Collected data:
*-*-*

lemma exists_optimal_maximizing_potential:
  "\<exists>bs. optimal_RO C N Nc v bs \<and>
     (\<forall>bs'. optimal_RO C N Nc v bs' \<longrightarrow>
        potential C Nc (Suc (length bs)) bs' \<le> potential C Nc (Suc (length bs)) bs)"
proof -
  obtain bs0 where bs0: "optimal_RO C N Nc v bs0" using optimal_exists by blast
  define M where "M = Suc (length bs0)"
  have same_length: "length bs = length bs0" if "optimal_RO C N Nc v bs" for bs
    using that bs0 unfolding optimal_RO_def by (meson le_antisym)
  have "\<forall>bs. optimal_RO C N Nc v bs \<longrightarrow>
      potential C Nc M bs < Suc (\<Sum>d\<in>{1..C}. d * M ^ Suc (card (Nc d)))"
    using potential_le same_length unfolding M_def by (metis le_imp_less_Suc lessI)
  then obtain bs where "optimal_RO C N Nc v bs"
    and "\<forall>bs'. optimal_RO C N Nc v bs' \<longrightarrow> potential C Nc M bs' \<le> potential C Nc M bs"
    using Lattices_Big.ex_has_greatest_nat[of "optimal_RO C N Nc v" bs0 "potential C Nc M"] bs0 by blast
  moreover have "M = Suc (length bs)" using same_length[OF \<open>optimal_RO C N Nc v bs\<close>] M_def by simp
  ultimately show ?thesis by blast
qed
(* Assume the setting and standing assumptions described in the context. If for some $\Delta\in\mathcal{D}$ the function $\kappa\mapsto\det[-(B\Delta C+\kappa^2J_2+\kappa^4J_4)]$ is initially positive, then there exists $\tilde\kappa>0$ such that $\rho(\Delta,\kappa)<0$ for all $0<\kappa\le\tilde\kappa$.
   Context: Let $n,m\ge 1$, $B\in\mathbb{Z}^{n\times m}$, $C\in\mathbb{Z}^{m\times n}$. Given bounds $0\le \Delta_j^-\le \Delta_j^+<\infty$ ($j=1,\dots,m$), let $\mathcal{D}$ be the set of diagonal matrices $\Delta=\mathrm{diag}(\Delta_1,\dots,\Delta_m)$ with $\Delta_j^-\le\Delta_j\le\Delta_j^+$. Let $J_2,J_4\in\mathbb{R}^{n\times n}$ be symmetric, with $J_2$ indefinite, $J_4$ negative semidefinite, and such that there exists $\bar\kappa$ with $\bar\kappa^2J_2+\bar\kappa^4J_4$ negative definite. Assumption: for every $\Delta\in\mathcal{D}$, $B\Delta C$ is singular and has $n-1$ eigenvalues (with multiplicity) with negative real part, and there is a nonzero $v\ge0$ with $v^\top B=0$. For real $\kappa\ge0$, $\rho(\Delta,\kappa)$ denotes the spectral abscissa (maximum real part of the eigenvalues) of $B\Delta C+\kappa^2J_2+\kappa^4J_4$. A function $f$ on $[0,\infty)$ is initially positive if there is $\hat\kappa>0$ with $f(\kappa)>0$ for all $\kappa\in(0,\hat\kappa)$. *)

theory Defs
  imports "Jordan_Normal_Form.Jordan_Normal_Form"
begin

definition sym_mat :: "nat \<Rightarrow> real mat \<Rightarrow> bool" where
  "sym_mat n A \<longleftrightarrow> A \<in> carrier_mat n n \<and> transpose_mat A = A"

definition neg_semidef :: "nat \<Rightarrow> real mat \<Rightarrow> bool" where
  "neg_semidef n A \<longleftrightarrow> sym_mat n A \<and> (\<forall>x \<in> carrier_vec n. x \<bullet> (A *\<^sub>v x) \<le> 0)"

definition neg_def :: "nat \<Rightarrow> real mat \<Rightarrow> bool" where
  "neg_def n A \<longleftrightarrow> sym_mat n A \<and> (\<forall>x \<in> carrier_vec n. x \<noteq> 0\<^sub>v n \<longrightarrow> x \<bullet> (A *\<^sub>v x) < 0)"

definition indefinite :: "nat \<Rightarrow> real mat \<Rightarrow> bool" where
  "indefinite n A \<longleftrightarrow> sym_mat n A \<and>
     (\<exists>x \<in> carrier_vec n. x \<bullet> (A *\<^sub>v x) > 0) \<and> (\<exists>y \<in> carrier_vec n. y \<bullet> (A *\<^sub>v y) < 0)"

definition cmat :: "real mat \<Rightarrow> complex mat" where
  "cmat A = map_mat complex_of_real A"

definition alg_mult :: "real mat \<Rightarrow> complex \<Rightarrow> nat" where
  "alg_mult A z = order z (char_poly (cmat A))"

definition num_neg_re_eigs :: "real mat \<Rightarrow> nat" where
  "num_neg_re_eigs A = (\<Sum>z \<in> {z. eigenvalue (cmat A) z \<and> Re z < 0}. alg_mult A z)"

definition spectral_abscissa :: "real mat \<Rightarrow> real" where
  "spectral_abscissa A = Max (Re ` {z. eigenvalue (cmat A) z})"

definition Dset :: "nat \<Rightarrow> (nat \<Rightarrow> real) \<Rightarrow> (nat \<Rightarrow> real) \<Rightarrow> real mat set" where
  "Dset m lo hi = {D. D \<in> carrier_mat m m \<and> diagonal_mat D \<and> (\<forall>j<m. lo j \<le> D $$ (j,j) \<and> D $$ (j,j) \<le> hi j)}"

definition Mk :: "int mat \<Rightarrow> int mat \<Rightarrow> real mat \<Rightarrow> real mat \<Rightarrow> real mat \<Rightarrow> real \<Rightarrow> real mat" where
  "Mk B C J2 J4 D k = map_mat of_int B * D * map_mat of_int C + (k^2) \<cdot>\<^sub>m J2 + (k^4) \<cdot>\<^sub>m J4"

*-*-*

■ ACTIVITY ■
The answer is to be one number: the count of lines in the entries containing the string "using".

■ TASK OUTPUT ■
5